Derivative with respect to $\beta$ is $2X^\top X \beta$; see (81).
By hand:
Derivative with respect to $\beta$: let $A:=X^\top X$, and note $\beta^\top A \beta = \sum_i \sum_j A_{ij} \beta_i \beta_j$. The partial derivative with respect to $\beta_k$ is $2 \sum_{i \ne k} A_{ik} \beta_i + 2A_{kk}\beta_k = 2 \sum_i A_{ik} \beta_i$, so the derivative with respect to $\beta$ is $2A\beta$.
Derivative with respect to $X$: let $B=\beta\beta^\top$ and note $(X\beta)^\top (X\beta) = Tr(X BX^\top) = \sum_i x_i^\top B x_i$, where $x_i^\top$ is the $i$th row of $X$. By using the result of the previous paragraph and transposing, we see that the derivative with respect to $x_i^\top$ is $(2B x_i)^\top=2x_i^\top B$. Then the derivative with respect to $X$ is $2XB$.

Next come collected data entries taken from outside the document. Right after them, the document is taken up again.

lemma arb_large_finite_indep_factor:
  fixes p :: "'y::t1_space \<Rightarrow> 'x::topological_space"
  assumes "cont_action act" "cont_action actf" "\<And>y::'y. \<not> open {y}"
    and "\<And>x. finite (p -` {x})" "\<And>g y. p (actf g y) = act g (p y)"
    and "open B1" "open B2"
    and "\<And>y. p y \<noteq> a \<Longrightarrow> y \<in> B1 \<Longrightarrow> p y \<in> A1"
    and "\<And>y. p y \<noteq> a \<Longrightarrow> y \<in> B2 \<Longrightarrow> p y \<in> A2"
    and "arb_large_finite_indep actf B1 B2"
  shows "arb_large_finite_indep act A1 A2"
  using assms(10)
proof (rule arb_large_finite_indep_transfer[rotated])
  fix F \<omega>
  assume F: "finite F" and nonempty: "indep_cell actf B1 B2 F \<omega> \<noteq> {}"
  have "open (indep_cell actf B1 B2 F \<omega>)"
    using assms(2,6,7) F unfolding cont_action_def by (intro open_indep_cell) auto
  then obtain y where y: "y \<in> indep_cell actf B1 B2 F \<omega>"
      and avoids: "\<forall>s\<in>F. act s (p y) \<noteq> a"
    using exists_in_open_avoiding_translates[OF assms(1,3,4) _ nonempty F] by blast
  have "p y \<in> indep_cell act A1 A2 F \<omega>"
    using assms(5,8,9) y avoids by (rule image_in_indep_cell)
  then show "indep_cell act A1 A2 F \<omega> \<noteq> {}"
    by blast
qed

theorem lemma3p3:
  fixes act :: "'g::group_add \<Rightarrow> 'x::metric_space \<Rightarrow> 'x"
    and actf :: "'g \<Rightarrow> 'y::metric_space \<Rightarrow> 'y"
    and x1 :: 'x
    and f :: "'x \<Rightarrow> real"
    and pif :: "'y \<Rightarrow> 'x"
    and ft :: "'y \<Rightarrow> real"
  assumes countable_G: "countable (UNIV :: 'g set)"
    and infinite_G: "infinite (UNIV :: 'g set)"
    and compact_X: "compact (UNIV :: 'x set)"
    and minimal_X: "minimal_action act"
    and more_orbits: "\<exists>x y. y \<notin> orbit act x"
    and free_x1: "\<And>g. act g x1 = x1 \<Longrightarrow> g = 0"
    and f_cont: "continuous_on (- {x1}) f"
    and f_vals: "\<And>x. x \<noteq> x1 \<Longrightarrow> f x \<in> {1, -1}"
    and f_not_ext: "\<not> (\<exists>g. continuous_on UNIV g \<and> range g \<subseteq> {1, -1} \<and>
                          (\<forall>x. x \<noteq> x1 \<longrightarrow> g x = f x))"
    and compact_Xf: "compact (UNIV :: 'y set)"
    and minimal_Xf: "minimal_action actf"
    and pif_cont: "continuous_on UNIV pif"
    and pif_surj: "surj pif"
    and pif_equiv: "\<And>g y. pif (actf g y) = act g (pif y)"
    and pif_fib1: "\<And>x. x \<notin> orbit act x1 \<Longrightarrow> card (pif -` {x}) = 1"
    and pif_fib2: "\<And>x. x \<in> orbit act x1 \<Longrightarrow> card (pif -` {x}) = 2"
    and ft_cont: "continuous_on UNIV ft"
    and ft_vals: "range ft \<subseteq> {1, -1}"
    and ft_ext: "\<And>y. pif y \<noteq> x1 \<Longrightarrow> ft y = f (pif y)"
  shows "arb_large_finite_indep actf (ft -` {1}) (ft -` {-1}) \<longleftrightarrow>
         arb_large_finite_indep act {x. x \<noteq> x1 \<and> f x = 1} {x. x \<noteq> x1 \<and> f x = -1}"
proof -
  have act: "cont_action act" and actf: "cont_action actf"
    using minimal_X minimal_Xf by (simp_all add: minimal_action_def)
  obtain x x' where "x' \<notin> orbit act x"
    using more_orbits by blast
  note no_isolated =
    minimal_extension_no_isolated_points[where p = pif, OF minimal_Xf act pif_surj pif_equiv this]
  have fibres: "finite (pif -` {x})" for x
    using pif_fib1[of x] pif_fib2[of x]
    by (intro card_ge_0_finite) (cases "x \<in> orbit act x1", simp_all)
  have "finite (range ft)"
    using ft_vals by (rule finite_subset) simp
  then have open_levels: "open (ft -` {c})" for c
    by (rule open_vimage_singleton_finite_range[OF ft_cont])
  let ?A1 = "{x. x \<noteq> x1 \<and> f x = 1}" and ?A2 = "{x. x \<noteq> x1 \<and> f x = -1}"
  have factor1: "pif y \<in> ?A1" if "pif y \<noteq> x1" "y \<in> ft -` {1}" for y
    using that ft_ext[of y] by simp
  have factor2: "pif y \<in> ?A2" if "pif y \<noteq> x1" "y \<in> ft -` {-1}" for y
    using that ft_ext[of y] by simp
  have lift1: "y \<in> ft -` {1}" if "pif y \<in> ?A1" for y
    using that ft_ext[of y] by simp
  have lift2: "y \<in> ft -` {-1}" if "pif y \<in> ?A2" for y
    using that ft_ext[of y] by simp
  show ?thesis
  proof
    show "arb_large_finite_indep act ?A1 ?A2"
      if "arb_large_finite_indep actf (ft -` {1}) (ft -` {-1})"
      using arb_large_finite_indep_factor[where p = pif and act = act and actf = actf,
          OF act actf no_isolated fibres pif_equiv open_levels open_levels factor1 factor2 that] .
    show "arb_large_finite_indep actf (ft -` {1}) (ft -` {-1})"
      if "arb_large_finite_indep act ?A1 ?A2"
      using arb_large_finite_indep_lift[where p = pif and act = act and actf = actf,
          OF pif_surj pif_equiv lift1 lift2 that] .
  qed
qed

If $X$ is the variable, consider $f(X,Y)=(X\beta)^t(Y\beta)$, it is bilinear, so its derivative at $df_{(X,Y)}(U,V)=(U\beta)^t(Y\beta)+(X\beta)^t(V\beta)$.
This implies that the derivative of $g(X)=f(X,X)$ is $df_X(U)=(U\beta)^t(X\beta)+(X\beta)^t(U\beta)$.
Assuming that the context is Linear regression / Least squares.
Note that $(X\beta)'(X\beta) = \beta' X'X\beta$, denote $A=X'X$, hence you have a quadratic form $$ f(\beta) = \beta ' A \beta, $$ so, the gradient w.r.t $\beta$ is $$ \nabla f(\beta)=2A\beta . $$ You can derive the formula by writing $f(\beta) = \sum_{i=1}^p \sum _{j=1}^pa_{ij}\beta_i\beta_j = \sum_{i=1}^pa_{ii}\beta_i^2+2\sum_{i>j}^pa_{ij}\beta_i\beta_j$ and take derivative w.r.t each of the entries of $\beta$.